Aria Abubakar was born in Bandung, Indonesia. He received an MSc degree in Electrical Engineering in 1997 and a PhD in Technical Sciences in 2000, both from the Delft University of Technology, The Netherlands. He joined Schlumberger-Doll Research in Ridgefield, CT, USA in 2003, where he remained for 10 years, ending his tenure as a Scientific Advisor and the Manager of the Multi-Physics Modeling and Inversion Program. From 2013 until mid-2017, he was the Interpretation Engineering Manager at Schlumberger Houston Formation Evaluation in Sugar Land, TX. From mid-2017 until mid-2020, he was Data Analytics Program Manager for Software Technology and then Head of Data Science for the Schlumberger Exploration and Field Development Platform based in Houston, TX.
Aria is currently the Head of Data Science for the Digital Subsurface Solutions. His main responsibility is to oversee and coordinate the utilization of artificial intelligence, machine-learning, and data-analytics technology for subsurface applications throughout Schlumberger. Aria is quite active in SEG and currently serves as Associate Editor of Geophysics, Member of the Research Committee, Director of SEAM, and 2021 SEG Annual Meeting Technical Program Co-Chair.
Aria was the 2014 SEG North America Honorary Lecturer. He holds 40 U.S. patents/patent applications, has published five book/book chapters, and written more than 90 scientific articles in journals, 200 conference proceedings papers, and 60 conference abstracts. He also has presented more than 300 invited and contributed talks in international conferences, institutes, and universities.
2020 SEG 3Q/4Q Distinguished Lecturer
Potential and challenges of applying artificial intelligence and machine-learning methods for geoscience
In recent years we have witnessed great achievements accomplished by artificial intelligence (AI), machine learning (ML), and/or data analytics in various areas such as e-commerce, computer vision, social media, self-driving cars, natural language processing, and healthcare. Driven by the advances in the GPU technology, cloud computing, and the rapidly increasing data volumes within the geoscience applications, the energy industry has recognized and embraced the tremendous potential of AI/ML and data analytics. Early research and development utilizing these algorithms for geoscience applications have shown encouraging and promising results. This lecture will present the potential and challenges of AI/ML and data analytics practice in geoscience, as well as the successes and failures to date.
We will discuss a variety of highly successful geoscience applications that leverage AI/ML and data-analytics algorithms to improve efficiency, accuracy, and to automate geoscience workflows, and to explore a new way of extracting values from geoscience data. In addition, we also will touch upon a variety of general questions which naturally arise due to the emergence of these technologies in geosciences. Some of these questions are: What other challenging problems can be formulated and solved effectively by AI/ML? How do we tailor the AI/ML and data analytics algorithms and paradigms to meet the specific properties of geoscience data? How do we fully exploit the power of AI/ML and data analytics while combining them with physical constraints? When should we and should we not apply AI/ML and data analytics approaches? Lastly but more importantly, how can we translate AI/ML and data analytics-based workflows from proof-of-concept works to scalable commercial products.

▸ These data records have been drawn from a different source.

(* Let $\mathcal{A}=(A,B,s,t,\Delta)$ be a left multiplier bialgebroid with associated maps $\widetilde{T_\lambda},\widetilde{T_\rho}$. Regard $t$ as a homomorphism and $s$ as an anti-homomorphism from $B^{\mathrm{op}}$ to $M(A)$, let $\varsigma$ be the algebra isomorphism from the left target algebra $A\bar\times_BA$ of $\mathcal{A}$ onto the left target algebra $A\bar\times_{B^{\mathrm{op}}}A$ for $(A,B^{\mathrm{op}},t,s)$ induced by the flip $\Sigma\colon{}_BA\otimes A^B\to{}_{B^{\mathrm{op}}}A\otimes A^{B^{\mathrm{op}}}$, $a\otimes b\mapsto b\otimes a$ (i.e. $\varsigma(T)=\Sigma T\Sigma^{-1}$), and let $\Delta^{\mathrm{co}}=\varsigma\circ\Delta$. Then $\mathcal{A}^{\mathrm{co}}=(A,B^{\mathrm{op}},t,s,\Delta^{\mathrm{co}})$ is a left multiplier bialgebroid, and its associated maps are $\widetilde{T_\lambda}^{\mathrm{co}}=\Sigma\circ\widetilde{T_\rho}\circ\Sigma_{(A,A)}$ and $\widetilde{T_\rho}^{\mathrm{co}}=\Sigma\circ\widetilde{T_\lambda}\circ\Sigma_{(A,A)}$, where $\Sigma_{(A,A)}$ is the flip on $A\otimes A$.
   Context: All algebras are associative complex algebras, not necessarily unital. For an algebra $A$ with $A_A$ non-degenerate (if $ab=0$ for all $b$ then $a=0$), $L(A)$ denotes the right $A$-module endomorphisms of $A$ (containing $A$ via left multiplication) and $M(A)=\{T\in L(A):aT\in A\ \forall a\}$. A left multiplier bialgebroid is a tuple $(A,B,s,t,\Delta)$ where: (i) $A,B$ are algebras, $A_A$ is non-degenerate and idempotent ($AA=A$); (ii) $s\colon B\to M(A)$ is a homomorphism and $t\colon B\to M(A)$ an anti-homomorphism with $s(x)t(y)=t(y)s(x)$, $s,t$ injective, $s(B)A=A=t(B)A$; ${}_BA\otimes A^B$, the quotient of $A\otimes A$ by the span of $s(x)a\otimes b-a\otimes t(x)b$, is non-degenerate as a right module over $A\otimes1$ and over $1\otimes A$; (iii) $\Delta$ is an algebra homomorphism into the algebra $A\bar\times_BA$ of linear endomorphisms $T$ of ${}_BA\otimes A^B$ such that for all $a,b\in A$ there are $T(a\otimes1),T(1\otimes b)\in{}_BA\otimes A^B$ with $T(a\otimes b)=T(a\otimes1)(1\otimes b)=T(1\otimes b)(a\otimes1)$; (iv) $\Delta(s(x)t(y)as(x')t(y'))=(t(y)\otimes s(x))\Delta(a)(t(y')\otimes s(x'))$ for $a\in A$, $x,y,x',y'\in B$; (v) for all $a,b,c\in A$: if $\Delta(b)(1\otimes c)=\sum_ip_i\otimes q_i$ and $\Delta(b)(a\otimes1)=\sum_ju_j\otimes v_j$, then $\sum_i\Delta(p_i)(a\otimes1)\otimes q_i=\sum_ju_j\otimes\Delta(v_j)(1\otimes c)$ in the quotient of $A^{\otimes3}$ by the span of $s(x)a\otimes b\otimes c-a\otimes t(x)b\otimes c$ and $a\otimes s(x)b\otimes c-a\otimes b\otimes t(x)c$. Its associated maps are $\widetilde{T_\lambda},\widetilde{T_\rho}\colon A\otimes A\to{}_BA\otimes A^B$, $\widetilde{T_\lambda}(a\otimes b)=\Delta(b)(a\otimes1)$, $\widetilde{T_\rho}(a\otimes b)=\Delta(a)(1\otimes b)$. *)

theory Defs
  imports Complex_Main
begin

class scaleC =
  fixes scaleC :: "complex \<Rightarrow> 'a \<Rightarrow> 'a"  (infixr \<open>*\<^sub>C\<close> 75)

class complex_vector = scaleC + ab_group_add +
  assumes scaleC_add_right: "a *\<^sub>C (x + y) = a *\<^sub>C x + a *\<^sub>C y"
    and scaleC_add_left: "(a + b) *\<^sub>C x = a *\<^sub>C x + b *\<^sub>C x"
    and scaleC_scaleC: "a *\<^sub>C b *\<^sub>C x = (a * b) *\<^sub>C x"
    and scaleC_one: "1 *\<^sub>C x = x"

class complex_algebra = complex_vector + ring +
  assumes mult_scaleC_left: "a *\<^sub>C x * y = a *\<^sub>C (x * y)"
    and mult_scaleC_right: "x * a *\<^sub>C y = a *\<^sub>C (x * y)"

text \<open>An element of a (quotient of a) tensor power of A is represented by a finite
list of simple tensors; its image in the free complex vector space on the
underlying tuples is \<open>fv\<close>.\<close>

definition delta :: "'x \<Rightarrow> 'x \<Rightarrow> complex" where
  "delta p = (\<lambda>q. if q = p then 1 else 0)"

definition fv :: "'x list \<Rightarrow> 'x \<Rightarrow> complex" where
  "fv l = (\<lambda>q. of_nat (count_list l q))"

inductive_set cspan :: "('x \<Rightarrow> complex) set \<Rightarrow> ('x \<Rightarrow> complex) set" for G where
  cspan_zero: "(\<lambda>_. 0) \<in> cspan G"
| cspan_step: "g \<in> G \<Longrightarrow> f \<in> cspan G \<Longrightarrow> (\<lambda>q. c * g q + f q) \<in> cspan G"

definition tens2 :: "('a::complex_vector \<times> 'a \<Rightarrow> complex) set" where
  "tens2 =
     {(\<lambda>q. delta (a + a', b) q - delta (a, b) q - delta (a', b) q) | a a' b. True}
   \<union> {(\<lambda>q. delta (a, b + b') q - delta (a, b) q - delta (a, b') q) | a b b'. True}
   \<union> {(\<lambda>q. delta (c *\<^sub>C a, b) q - c * delta (a, b) q) | c a b. True}
   \<union> {(\<lambda>q. delta (a, c *\<^sub>C b) q - c * delta (a, b) q) | c a b. True}"

definition bal2 :: "('b \<Rightarrow> 'a \<Rightarrow> 'a) \<Rightarrow> ('b \<Rightarrow> 'a \<Rightarrow> 'a) \<Rightarrow> ('a \<times> 'a \<Rightarrow> complex) set" where
  "bal2 s t = {(\<lambda>q. delta (s x a, b) q - delta (a, t x b) q) | x a b. True}"

text \<open>Equality in the balanced tensor product  _B A \<otimes> A^B.\<close>
definition eqQ :: "('b \<Rightarrow> 'a::complex_vector \<Rightarrow> 'a) \<Rightarrow> ('b \<Rightarrow> 'a \<Rightarrow> 'a) \<Rightarrow>
    ('a \<times> 'a) list \<Rightarrow> ('a \<times> 'a) list \<Rightarrow> bool" where
  "eqQ s t l l' \<longleftrightarrow> (\<lambda>q. fv l q - fv l' q) \<in> cspan (tens2 \<union> bal2 s t)"

definition tens3 :: "('a::complex_vector \<times> 'a \<times> 'a \<Rightarrow> complex) set" where
  "tens3 =
     {(\<lambda>q. delta (a + a', b, d) q - delta (a, b, d) q - delta (a', b, d) q) | a a' b d. True}
   \<union> {(\<lambda>q. delta (a, b + b', d) q - delta (a, b, d) q - delta (a, b', d) q) | a b b' d. True}
   \<union> {(\<lambda>q. delta (a, b, d + d') q - delta (a, b, d) q - delta (a, b, d') q) | a b d d'. True}
   \<union> {(\<lambda>q. delta (c *\<^sub>C a, b, d) q - c * delta (a, b, d) q) | c a b d. True}
   \<union> {(\<lambda>q. delta (a, c *\<^sub>C b, d) q - c * delta (a, b, d) q) | c a b d. True}
   \<union> {(\<lambda>q. delta (a, b, c *\<^sub>C d) q - c * delta (a, b, d) q) | c a b d. True}"

definition bal3 :: "('b \<Rightarrow> 'a \<Rightarrow> 'a) \<Rightarrow> ('b \<Rightarrow> 'a \<Rightarrow> 'a) \<Rightarrow> ('a \<times> 'a \<times> 'a \<Rightarrow> complex) set" where
  "bal3 s t =
     {(\<lambda>q. delta (s x a, b, d) q - delta (a, t x b, d) q) | x a b d. True}
   \<union> {(\<lambda>q. delta (a, s x b, d) q - delta (a, b, t x d) q) | x a b d. True}"

definition eq3 :: "('b \<Rightarrow> 'a::complex_vector \<Rightarrow> 'a) \<Rightarrow> ('b \<Rightarrow> 'a \<Rightarrow> 'a) \<Rightarrow>
    ('a \<times> 'a \<times> 'a) list \<Rightarrow> ('a \<times> 'a \<times> 'a) list \<Rightarrow> bool" where
  "eq3 s t l l' \<longleftrightarrow> (\<lambda>q. fv l q - fv l' q) \<in> cspan (tens3 \<union> bal3 s t)"

text \<open>X(a \<otimes> 1), X(1 \<otimes> b), complex scalar multiple, and (f \<otimes> g)X.\<close>
definition rmul1 :: "('a::times \<times> 'a) list \<Rightarrow> 'a \<Rightarrow> ('a \<times> 'a) list" where
  "rmul1 X a = map (\<lambda>(p, q). (p * a, q)) X"

definition rmul2 :: "('a::times \<times> 'a) list \<Rightarrow> 'a \<Rightarrow> ('a \<times> 'a) list" where
  "rmul2 X b = map (\<lambda>(p, q). (p, q * b)) X"

definition scal :: "complex \<Rightarrow> ('a::complex_vector \<times> 'a) list \<Rightarrow> ('a \<times> 'a) list" where
  "scal c X = map (\<lambda>(p, q). (c *\<^sub>C p, q)) X"

definition lmul2 :: "('a \<Rightarrow> 'a) \<Rightarrow> ('a \<Rightarrow> 'a) \<Rightarrow> ('a \<times> 'a) list \<Rightarrow> ('a \<times> 'a) list" where
  "lmul2 f g X = map (\<lambda>(p, q). (f p, g q)) X"

text \<open>A complex algebra structure (associative, bilinear) given by an explicit product;
used for B so that the opposite algebra B^op is \<open>\<lambda>x y. mB y x\<close>.\<close>
definition cplx_alg :: "('b::complex_vector \<Rightarrow> 'b \<Rightarrow> 'b) \<Rightarrow> bool" where
  "cplx_alg m \<longleftrightarrow>
     (\<forall>x y z. m (m x y) z = m x (m y z)) \<and>
     (\<forall>x y z. m (x + y) z = m x z + m y z) \<and>
     (\<forall>x y z. m x (y + z) = m x y + m x z) \<and>
     (\<forall>c x y. m (c *\<^sub>C x) y = c *\<^sub>C m x y) \<and>
     (\<forall>c x y. m x (c *\<^sub>C y) = c *\<^sub>C m x y)"

definition clinear_map :: "('a::complex_vector \<Rightarrow> 'a) \<Rightarrow> bool" where
  "clinear_map T \<longleftrightarrow> (\<forall>a b. T (a + b) = T a + T b) \<and> (\<forall>c a. T (c *\<^sub>C a) = c *\<^sub>C T a)"

definition in_L :: "('a::complex_algebra \<Rightarrow> 'a) \<Rightarrow> bool" where
  "in_L T \<longleftrightarrow> clinear_map T \<and> (\<forall>a b. T (a * b) = T a * b)"

text \<open>T \<in> M(A): aT \<in> A for all a.\<close>
definition in_M :: "('a::complex_algebra \<Rightarrow> 'a) \<Rightarrow> bool" where
  "in_M T \<longleftrightarrow> in_L T \<and> (\<forall>a. \<exists>c. \<forall>b. c * b = a * T b)"

text \<open>The element aT of A (for T \<in> M(A)).\<close>
definition rm :: "('a::complex_algebra \<Rightarrow> 'a) \<Rightarrow> 'a \<Rightarrow> 'a" where
  "rm T a = (THE c. \<forall>b. c * b = a * T b)"

definition cond_i :: "'a::complex_algebra itself \<Rightarrow> bool" where
  "cond_i _ \<longleftrightarrow>
     (\<forall>a::'a. (\<forall>b. a * b = 0) \<longrightarrow> a = 0) \<and>
     (\<forall>a::'a. \<exists>ps. a = sum_list (map (\<lambda>(x, y). x * y) ps))"

definition cond_ii :: "('b::complex_vector \<Rightarrow> 'b \<Rightarrow> 'b) \<Rightarrow> ('b \<Rightarrow> 'a::complex_algebra \<Rightarrow> 'a) \<Rightarrow>
    ('b \<Rightarrow> 'a \<Rightarrow> 'a) \<Rightarrow> bool" where
  "cond_ii mB s t \<longleftrightarrow>
     (\<forall>x. in_M (s x)) \<and> (\<forall>x. in_M (t x)) \<and>
     (\<forall>x y. s (mB x y) = s x \<circ> s y) \<and>
     (\<forall>x y. s (x + y) = (\<lambda>a. s x a + s y a)) \<and>
     (\<forall>c x. s (c *\<^sub>C x) = (\<lambda>a. c *\<^sub>C s x a)) \<and>
     (\<forall>x y. t (mB x y) = t y \<circ> t x) \<and>
     (\<forall>x y. t (x + y) = (\<lambda>a. t x a + t y a)) \<and>
     (\<forall>c x. t (c *\<^sub>C x) = (\<lambda>a. c *\<^sub>C t x a)) \<and>
     (\<forall>x y. s x \<circ> t y = t y \<circ> s x) \<and>
     inj s \<and> inj t \<and>
     (\<forall>a. \<exists>ps. a = sum_list (map (\<lambda>(x, b). s x b) ps)) \<and>
     (\<forall>a. \<exists>ps. a = sum_list (map (\<lambda>(x, b). t x b) ps)) \<and>
     (\<forall>X. (\<forall>a. eqQ s t (rmul1 X a) []) \<longrightarrow> eqQ s t X []) \<and>
     (\<forall>X. (\<forall>b. eqQ s t (rmul2 X b) []) \<longrightarrow> eqQ s t X [])"

text \<open>T \<in> A \<bar>\<times>_B A, T given on representatives (a linear endomorphism of
  _B A \<otimes> A^B).\<close>
definition in_barx :: "('b \<Rightarrow> 'a::complex_algebra \<Rightarrow> 'a) \<Rightarrow> ('b \<Rightarrow> 'a \<Rightarrow> 'a) \<Rightarrow>
    (('a \<times> 'a) list \<Rightarrow> ('a \<times> 'a) list) \<Rightarrow> bool" where
  "in_barx s t T \<longleftrightarrow>
     (\<forall>l l'. eqQ s t l l' \<longrightarrow> eqQ s t (T l) (T l')) \<and>
     (\<forall>l l'. eqQ s t (T (l @ l')) (T l @ T l')) \<and>
     (\<forall>c l. eqQ s t (T (scal c l)) (scal c (T l))) \<and>
     (\<forall>a. \<exists>X. \<forall>b. eqQ s t (T [(a, b)]) (rmul2 X b)) \<and>
     (\<forall>b. \<exists>Y. \<forall>a. eqQ s t (T [(a, b)]) (rmul1 Y a))"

A recording of the lecture is available.
Listen to Aria discuss his lecture in Applying machine learning and AI to the geosciences, Episode 86 of Seismic Soundoff, in-depth conversations in applied geophysics.
2014 SEG Honorary Lecturer, North America
Joint inversion of multiphysics data for petrophysical and engineering properties
A variety of measurements may illuminate the reservoir with varying coverage and resolution such as: electromagnetic (EM); controlled-source EM (CSEM); magnetotelluric (MT), surface-to-borehole EM (STB-EM); crosswell EM; seismic (surface seismic, crosswell seismic, and VSP); gravity (surface and borehole); and production history/well testing data. The interpretation of each measurement on its own will provide incomplete information due to nonuniqueness and limited spatial resolution. However, when integrated and combined with other measurements such as near-wellbore data, they may provide considerable value such as, for example, to enable estimation of reservoir properties, to obtain an improved reservoir model, and to provide a physics-based reservoir upscaling. At the end, it will help us in making appropriate field management decisions with reduced uncertainty.
This presentation will review joint inversion algorithms and workflows for integrating EM, seismic, and production data. It will analyze challenges, advantages, and disadvantages of these approaches. In particular, for reservoir characterization applications, joint structural and petrophysical algorithms for integrating EM and seismic data (CSEM and surface seismic, and crosswell EM and crosswell seismic) will be presented. For reservoir monitoring applications, the talk will describe EM data (for single-well, crosswell and STB) inversion algorithms constrained by the fluid-flow simulator. In the inversion for both EM and seismic, a full nonlinear approach (the so-called full-waveform inversion) will be employed so that all the information in the data can be utilized. Some test cases will be discussed.